─── DATA FOR PROCESSING
lemma prob_A_sigma1_ge_sum:
  assumes "h x \<le> x"
  shows "(\<Sum>i<N. prob (stays_below (h x) c i)) * tail (x + c) \<le> prob (A_sigma1 M \<xi> \<sigma> h x)"
proof -
  define E where "E i = stays_below (h x) c i \<inter> {\<omega> \<in> space M. \<xi> (Suc i) \<omega> > x + c}" for i
  have E_sets: "E i \<in> events" for i
    unfolding E_def by (intro sets.Int stays_below_events) measurable
  have E_crosses: "rw \<xi> (Suc i) \<omega> > x" if "\<omega> \<in> E i" for i \<omega>
    using that unfolding E_def stays_below_def by (auto simp: rw_Suc)
  have E_below: "rw \<xi> k \<omega> \<le> h x" if "\<omega> \<in> E i" "k \<le> i" for i k \<omega>
    using that unfolding E_def stays_below_def by auto
  have E_A: "E i \<subseteq> A_sigma1 M \<xi> \<sigma> h x" for i
  proof
    fix \<omega> assume \<omega>: "\<omega> \<in> E i"
    then have "enat (Suc i) \<le> \<sigma> \<omega>" "\<omega> \<in> space M"
      unfolding E_def stays_below_def by (auto simp: Suc_ile_eq)
    moreover have "rw \<xi> k \<omega> \<le> x" if "k < Suc i" for k
    proof -
      have "rw \<xi> k \<omega> \<le> h x"
        using E_below[OF \<omega>] that by simp
      with assms show ?thesis
        by linarith
    qed
    moreover have "rw \<xi> (Suc i - 1) \<omega> \<le> h x"
      using E_below[OF \<omega>] by simp
    ultimately show "\<omega> \<in> A_sigma1 M \<xi> \<sigma> h x"
      unfolding mem_A_sigma1_iff using E_crosses[OF \<omega>] by blast
  qed
  have "disjoint_family_on E {..<N}"
  proof -
    have "E i \<inter> E j = {}" if "i < j" for i j
    proof -
      have False if "\<omega> \<in> E i" "\<omega> \<in> E j" for \<omega>
        using E_crosses[OF that(1)] E_below[OF that(2), of "Suc i"] \<open>i < j\<close> assms by simp
      then show ?thesis
        by blast
    qed
    then show ?thesis
      unfolding disjoint_family_on_def by (metis inf_commute linorder_neqE_nat)
  qed
  have "(\<Sum>i<N. prob (stays_below (h x) c i)) * tail (x + c) = (\<Sum>i<N. prob (E i))"
    unfolding E_def prob_Fil_inter_xi_greater[OF stays_below_Fil] by (simp add: sum_distrib_right)
  also have "\<dots> = prob (\<Union>i\<in>{..<N}. E i)"
    using \<open>disjoint_family_on E {..<N}\<close> E_sets by (intro finite_measure_finite_Union[symmetric]) auto
  also have "\<dots> \<le> prob (A_sigma1 M \<xi> \<sigma> h x)"
    using E_A by (intro finite_measure_mono) auto
  finally show ?thesis .
qed

lemma prob_stays_below_ge:
  "prob {\<omega> \<in> space M. enat i < \<sigma> \<omega> \<and> rw \<xi> i \<omega> > - c}
     - (\<Sum>k\<le>i. prob {\<omega> \<in> space M. rw \<xi> k \<omega> > y}) \<le> prob (stays_below y c i)"
proof -
  let ?D = "\<Union>k\<in>{..i}. {\<omega> \<in> space M. rw \<xi> k \<omega> > y}"
  have "{\<omega> \<in> space M. enat i < \<sigma> \<omega> \<and> rw \<xi> i \<omega> > - c} \<subseteq> stays_below y c i \<union> ?D"
    unfolding stays_below_def by auto
  then have "prob {\<omega> \<in> space M. enat i < \<sigma> \<omega> \<and> rw \<xi> i \<omega> > - c} \<le> prob (stays_below y c i \<union> ?D)"
    using stays_below_events by (intro finite_measure_mono) auto
  also have "\<dots> \<le> prob (stays_below y c i) + prob ?D"
    using stays_below_events by (intro measure_subadditive) auto
  also have "prob ?D \<le> (\<Sum>k\<le>i. prob {\<omega> \<in> space M. rw \<xi> k \<omega> > y})"
    by (intro finite_measure_subadditive_finite) auto
  finally show ?thesis
    by simp
qed

lemma tail_shift_ratio_tendsto:
  assumes "((\<lambda>x. tail (x - c) / tail x) \<longlongrightarrow> 1) at_top"
  shows "((\<lambda>x. tail (x + c) / tail x) \<longlongrightarrow> 1) at_top"
proof -
  have "filterlim (\<lambda>x::real. c + x) at_top at_top"
    by (rule filterlim_tendsto_add_at_top[OF tendsto_const filterlim_ident])
  from filterlim_compose[OF assms this]
  have "((\<lambda>x. tail x / tail (x + c)) \<longlongrightarrow> 1) at_top"
    by (simp add: add.commute)
  from tendsto_inverse[OF this]
  show ?thesis
    by simp
qed

lemma eventually_prob_A_sigma1_ratio_less:
  assumes h_tail: "((\<lambda>x. tail (x - h x) / tail x) \<longlongrightarrow> 1) at_top"
    and "mean_stop < b"
  shows "\<forall>\<^sub>F x in at_top. prob (A_sigma1 M \<xi> \<sigma> h x) / tail x < b"
proof -
  have "((\<lambda>x. mean_stop * (tail (x - h x) / tail x)) \<longlongrightarrow> mean_stop * 1) at_top"
    by (intro tendsto_intros h_tail)
  then have "\<forall>\<^sub>F x in at_top. mean_stop * (tail (x - h x) / tail x) < b"
    using order_tendstoD(2) assms(2) by simp
  moreover have "\<forall>\<^sub>F x in at_top. x \<ge> (0::real)"
    by (rule eventually_ge_at_top)
  ultimately show ?thesis
  proof eventually_elim
    case (elim x)
    have "prob (A_sigma1 M \<xi> \<sigma> h x) / tail x \<le> mean_stop * tail (x - h x) / tail x"
      using prob_A_sigma1_le[OF elim(2)] by (intro divide_right_mono) (auto simp: tail_def)
    with elim(1) show ?case
      by simp
  qed
qed

lemma eventually_prob_A_sigma1_ratio_greater:
  assumes h_le: "\<And>x. x \<ge> 0 \<Longrightarrow> h x \<le> x"
    and h_top: "filterlim h at_top at_top"
    and long_tailed: "\<And>c. c > 0 \<Longrightarrow> ((\<lambda>x. tail (x - c) / tail x) \<longlongrightarrow> 1) at_top"
    and tail_pos: "\<And>y. tail y > 0"
    and "a < mean_stop"
  shows "\<forall>\<^sub>F x in at_top. a < prob (A_sigma1 M \<xi> \<sigma> h x) / tail x"
proof -
  define C where "C c i = prob {\<omega> \<in> space M. enat i < \<sigma> \<omega> \<and> rw \<xi> i \<omega> > - c}" for c i
  define T where "T k y = prob {\<omega> \<in> space M. rw \<xi> k \<omega> > y}" for k y
  obtain N where N: "a < (\<Sum>i<N. prob {\<omega> \<in> space M. enat i < \<sigma> \<omega>})"
    using order_tendstoD(1)[OF prob_stopping_time_greater_sums[unfolded sums_def] assms(5)]
    by (auto simp: eventually_sequentially)
  have "((\<lambda>c. \<Sum>i<N. C c i) \<longlongrightarrow> (\<Sum>i<N. prob {\<omega> \<in> space M. enat i < \<sigma> \<omega>})) at_top"
    unfolding C_def
    by (intro tendsto_sum prob_conj_greater_uminus_tendsto rw_measurable pred_stopping_time_greater)
  from eventually_conj[OF order_tendstoD(1)[OF this N] eventually_gt_at_top[of 0]]
  obtain c where c: "a < (\<Sum>i<N. C c i)" "c > 0"
    by (auto simp: eventually_at_top_linorder)
  have T_h: "((\<lambda>x. T k (h x)) \<longlongrightarrow> 0) at_top" for k
    unfolding T_def using filterlim_compose[OF prob_greater_tendsto_0[OF rw_measurable] h_top] .
  have "((\<lambda>x. (\<Sum>i<N. C c i - (\<Sum>k\<le>i. T k (h x))) * (tail (x + c) / tail x))
          \<longlongrightarrow> (\<Sum>i<N. C c i - (\<Sum>k\<le>i. 0)) * 1) at_top"
    by (intro tendsto_intros T_h tail_shift_ratio_tendsto[OF long_tailed[OF c(2)]])
  then have "\<forall>\<^sub>F x in at_top. a < (\<Sum>i<N. C c i - (\<Sum>k\<le>i. T k (h x))) * (tail (x + c) / tail x)"
    using order_tendstoD(1) c(1) by simp
  moreover have "\<forall>\<^sub>F x in at_top. x \<ge> (0::real)"
    by (rule eventually_ge_at_top)
  ultimately show ?thesis
  proof eventually_elim
    case (elim x)
    have "C c i - (\<Sum>k\<le>i. T k (h x)) \<le> prob (stays_below (h x) c i)" for i
      unfolding C_def T_def by (rule prob_stays_below_ge)
    then have "(\<Sum>i<N. C c i - (\<Sum>k\<le>i. T k (h x))) * tail (x + c)
          \<le> (\<Sum>i<N. prob (stays_below (h x) c i)) * tail (x + c)"
      by (intro mult_right_mono sum_mono less_imp_le[OF tail_pos])
    also have "\<dots> \<le> prob (A_sigma1 M \<xi> \<sigma> h x)"
      using h_le[OF elim(2)] by (rule prob_A_sigma1_ge_sum)
    finally have "(\<Sum>i<N. C c i - (\<Sum>k\<le>i. T k (h x))) * (tail (x + c) / tail x)
        \<le> prob (A_sigma1 M \<xi> \<sigma> h x) / tail x"
      using tail_pos[of x] by (simp add: divide_right_mono)
    with elim(1) show ?case
      by linarith
  qed
qed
──────
### INSTRUCTIONS FOR THE TASK
Go through the records and copy each line with "assumes" in it.

### ANSWER SECTION
  assumes "h x \<le> x"
  assumes "((\<lambda>x. tail (x - c) / tail x) \<longlongrightarrow> 1) at_top"
  assumes h_tail: "((\<lambda>x. tail (x - h x) / tail x) \<longlongrightarrow> 1) at_top"
  assumes h_le: "\<And>x. x \<ge> 0 \<Longrightarrow> h x \<le> x"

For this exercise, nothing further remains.